Ministers are looking into imposing time limits for children using social media, according to Culture Secretary Matt Hancock.

He said the negative impact of posting and consuming content online was a "genuine concern".

Mr Hancock said more needed to be done to safeguard young people and suggested an age-verification system.

He said there would be a new legal requirement for companies to ensure users were over 13 years old.
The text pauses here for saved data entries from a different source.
lemma emeasure_normal_stretch_vimage:
  assumes "subspace V" "\<delta> \<noteq> 0"
  obtains k where "\<And>S. S \<in> sets borel \<Longrightarrow> normal_stretch V c \<delta> -` S \<in> sets borel"
    "\<And>S. S \<in> sets borel \<Longrightarrow> emeasure lborel (normal_stretch V c \<delta> -` S) = k * emeasure lborel S"
proof -
  define L where "L y = orth_proj V y + \<delta> *\<^sub>R (y - orth_proj V y)" for y
  have "linear L"
    unfolding L_def using linear_orth_proj[OF assms(1)]
    by (intro linearI) (simp_all add: linear_add linear_scale algebra_simps)
  have vimage: "normal_stretch V c \<delta> -` S = {x. - c + x \<in> L -` {y. c + y \<in> S}}" for S
    by (auto simp: normal_stretch_def L_def add.assoc)
  have "inj L"
  proof (rule injI)
    fix y z
    assume "L y = L z"
    then have "normal_stretch V c \<delta> (y + c) = normal_stretch V c \<delta> (z + c)"
      by (simp add: normal_stretch_def L_def add.assoc)
    then show "y = z"
      using normal_stretch_inverse[OF assms, of c] by (metis add_right_cancel)
  qed
  then obtain k where k: "\<And>S. S \<in> sets borel \<Longrightarrow> emeasure lborel (L -` S) = k * emeasure lborel S"
    using emeasure_lborel_linear_vimage_proportional[OF \<open>linear L\<close>] by blast
  show ?thesis
  proof
    fix S :: "'a set"
    assume "S \<in> sets borel"
    have translate: "{x. a + x \<in> X} \<in> sets borel" if "X \<in> sets borel" for a :: 'a and X
      using that by measurable
    have S': "L -` {y. c + y \<in> S} \<in> sets borel"
      by (intro linear_vimage_in_sets_borel[OF \<open>linear L\<close>] translate \<open>S \<in> sets borel\<close>)
    then show "normal_stretch V c \<delta> -` S \<in> sets borel"
      unfolding vimage by (rule translate)
    have "emeasure lborel (normal_stretch V c \<delta> -` S) = emeasure lborel (L -` {y. c + y \<in> S})"
      unfolding vimage using S' by (rule emeasure_lborel_translate)
    also have "\<dots> = k * emeasure lborel S"
      using k[OF translate[OF \<open>S \<in> sets borel\<close>]] emeasure_lborel_translate[OF \<open>S \<in> sets borel\<close>]
      by simp
    finally show "emeasure lborel (normal_stretch V c \<delta> -` S) = k * emeasure lborel S" .
  qed
qed

section \<open>Faces of a polytope around a subfacet\<close>

lemma span_diff_set_eq:
  assumes "g \<in> G"
  shows "span (diff_set G) = span ((\<lambda>x. x - g) ` G)"
proof (rule span_eq[THEN iffD2], rule conjI)
  show "(\<lambda>x. x - g) ` G \<subseteq> span (diff_set G)"
    using assms by (auto simp: diff_set_def intro!: span_base)
  show "diff_set G \<subseteq> span ((\<lambda>x. x - g) ` G)"
  proof
    fix z
    assume "z \<in> diff_set G"
    then obtain x y where "z = (x - g) - (y - g)" "x \<in> G" "y \<in> G"
      unfolding diff_set_def by auto
    then show "z \<in> span ((\<lambda>x. x - g) ` G)"
      by (metis imageI span_base span_diff)
  qed
qed

lemma aff_dim_eq_dim_span_diff_set:
  fixes G :: "'a::euclidean_space set"
  assumes "g \<in> G"
  shows "aff_dim G = int (dim (span (diff_set G)))"
  using aff_dim_eq_dim_subtract[OF hull_inc[OF assms]] span_diff_set_eq[OF assms] by (metis dim_span)

lemma add_span_diff_set_in_affine_hull:
  fixes G :: "'a::euclidean_space set"
  assumes "g \<in> G" "v \<in> span (diff_set G)"
  shows "g + v \<in> affine hull G"
proof -
  have "affine hull G = (\<lambda>x. g + x) ` span ((\<lambda>x. - g + x) ` G)"
    using assms(1) by (intro affine_hull_span_gen hull_inc)
  then show ?thesis
    using assms span_diff_set_eq[OF assms(1)] by auto
qed

lemma span_diff_set_orthogonal_normal:
  assumes "\<And>x. x \<in> G \<Longrightarrow> a \<bullet> x = b" "u \<in> span (diff_set G)"
  shows "a \<bullet> u = 0"
proof -
  have "orthogonal a u"
  proof (rule orthogonal_to_span[OF assms(2)])
    fix y
    assume "y \<in> diff_set G"
    then show "orthogonal a y"
      using assms(1) by (auto simp: diff_set_def orthogonal_def inner_diff_right)
  qed
  then show ?thesis
    by (simp add: orthogonal_def)
qed

lemma dim_orthogonal_comp_span_diff_set:
  fixes G :: "'a::euclidean_space set"
  assumes "G \<noteq> {}"
  shows "int (dim ((span (diff_set G))\<^sup>\<bottom>)) = int DIM('a) - aff_dim G"
proof -
  obtain g where "g \<in> G"
    using assms by blast
  have "dim {y \<in> UNIV. \<forall>x\<in>span (diff_set G). orthogonal x y} + dim (span (diff_set G)) = dim (UNIV :: 'a set)"
    by (intro dim_subspace_orthogonal_to_vectors) auto
  then show ?thesis
    using aff_dim_eq_dim_span_diff_set[OF \<open>g \<in> G\<close>] by (simp add: orthogonal_comp_def)
qed

lemma facet_eq_Int_supporting_hyperplane:
  fixes A F :: "'a::euclidean_space set"
  assumes "convex A" "interior A \<noteq> {}" "F facet_of A" "a \<noteq> 0"
    and "A \<subseteq> {x. a \<bullet> x \<le> b}" "F \<subseteq> {x. a \<bullet> x = b}"
  shows "F = A \<inter> {x. a \<bullet> x = b}"
proof (rule ccontr)
  define E where "E = A \<inter> {x. a \<bullet> x = b}"
  assume "F \<noteq> E"
  have "E face_of A"
    unfolding E_def using assms(1,5) by (intro face_of_Int_supporting_hyperplane_le) auto
  have F: "F face_of A" "aff_dim F = aff_dim A - 1"
    using assms(3) by (auto simp: facet_of_def)
  have "F \<subseteq> E"
    unfolding E_def using assms(6) face_of_imp_subset[OF F(1)] by blast
  have "\<not> A \<subseteq> {x. a \<bullet> x = b}"
    using interior_mono[of A "{x. a \<bullet> x = b}"] assms(2,4) by auto
  then have "E \<noteq> A"
    unfolding E_def by blast
  then have "aff_dim E < aff_dim A"
    using face_of_aff_dim_lt[OF assms(1) \<open>E face_of A\<close>] by blast
  moreover have "aff_dim F < aff_dim E"
    using face_of_aff_dim_lt[OF face_of_imp_convex[OF \<open>E face_of A\<close>]]
      face_of_subset[OF F(1) \<open>F \<subseteq> E\<close> face_of_imp_subset[OF \<open>E face_of A\<close>]] \<open>F \<noteq> E\<close>
    by blast
  ultimately show False
    using F(2) by linarith
qed

lemma facets_Int_subset_affine_hull_subfacet:
  fixes A G F1 F2 :: "'a::euclidean_space set"
  assumes "subfacet_of G A" "F1 facet_of A" "F2 facet_of A" "F1 \<noteq> F2" "G \<subseteq> F1" "G \<subseteq> F2"
  shows "F1 \<inter> F2 \<subseteq> affine hull G"
proof
  fix p
  assume p: "p \<in> F1 \<inter> F2"
  have F1: "F1 face_of A" "aff_dim F1 = aff_dim A - 1" and F2: "F2 face_of A" "aff_dim F2 = aff_dim A - 1"
    using assms(2,3) by (simp_all add: facet_of_def)
  have "F1 \<inter> F2 \<noteq> F1"
  proof
    assume "F1 \<inter> F2 = F1"
    then have "F1 face_of F2"
      using face_of_subset[OF F1(1) _ face_of_imp_subset[OF F2(1)]] by blast
    then have "aff_dim F1 < aff_dim F2"
      using face_of_aff_dim_lt[OF face_of_imp_convex[OF F2(1)]] assms(4) by blast
    then show False
      using F1(2) F2(2) by simp
  qed
  moreover have "(F1 \<inter> F2) face_of F1"
    by (rule face_of_subset[OF face_of_Int[OF F1(1) F2(1)] inf_le1 face_of_imp_subset[OF F1(1)]])
  ultimately have "aff_dim (F1 \<inter> F2) < aff_dim F1"
    using face_of_aff_dim_lt[OF face_of_imp_convex[OF F1(1)]] by blast
  show "p \<in> affine hull G"
  proof (rule ccontr)
    assume "p \<notin> affine hull G"
    then have "aff_dim (insert p G) = aff_dim G + 1"
      by (simp add: aff_dim_insert)
    moreover have "insert p G \<subseteq> F1 \<inter> F2"
      using p assms(5,6) by blast
    ultimately have "aff_dim G + 1 \<le> aff_dim (F1 \<inter> F2)"
      by (metis aff_dim_subset)
    then show False
      using \<open>aff_dim (F1 \<inter> F2) < aff_dim F1\<close> F1(2) assms(1) by (simp add: subfacet_of_def)
  qed
qed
The details of how such a scheme would work are still being worked out.

"There is a genuine concern about the amount of screen time young people are clocking up and the negative impact it could have on their lives," he told the Times.

"For an adult I wouldn't want to restrict the amount of time you are on a platform but for different ages it might be right to have different time cut-offs."

Mr Hancock suggested varying cut-off times for different ages on services such as Facebook, Instagram and Snapchat.

The platforms already specify a minimum age of 13 but children only have to falsify a date of birth to gain access, despite critics claiming most sites are able to identify underage users from their browsing habits.

Mr Hancock said it was "not beyond the wit of man" to develop an age-verification system for children.

A 2017 survey by Ofcom found that 83% of 12-18-year-olds and 39% of 8-11-year-olds had their own smartphone, and that 23% of 8-11-year-olds had a social media profile compared with 74% in the older age group.

It also found that social media use sometimes brought problems.

One in eight 12-15-year-olds said social media brought pressure to look popular all the time, and 29% of those who went online said they had seen something they had found worrying or nasty.

The Association of School and College Leaders (ASCL) recently found that most school leaders it surveyed believed children's mental health had suffered as a result of social media in the past year.

The Government has also announced it will introduce a new code of practice setting out minimum expectations on social media companies to try to make the UK "the safest place in the world to be online".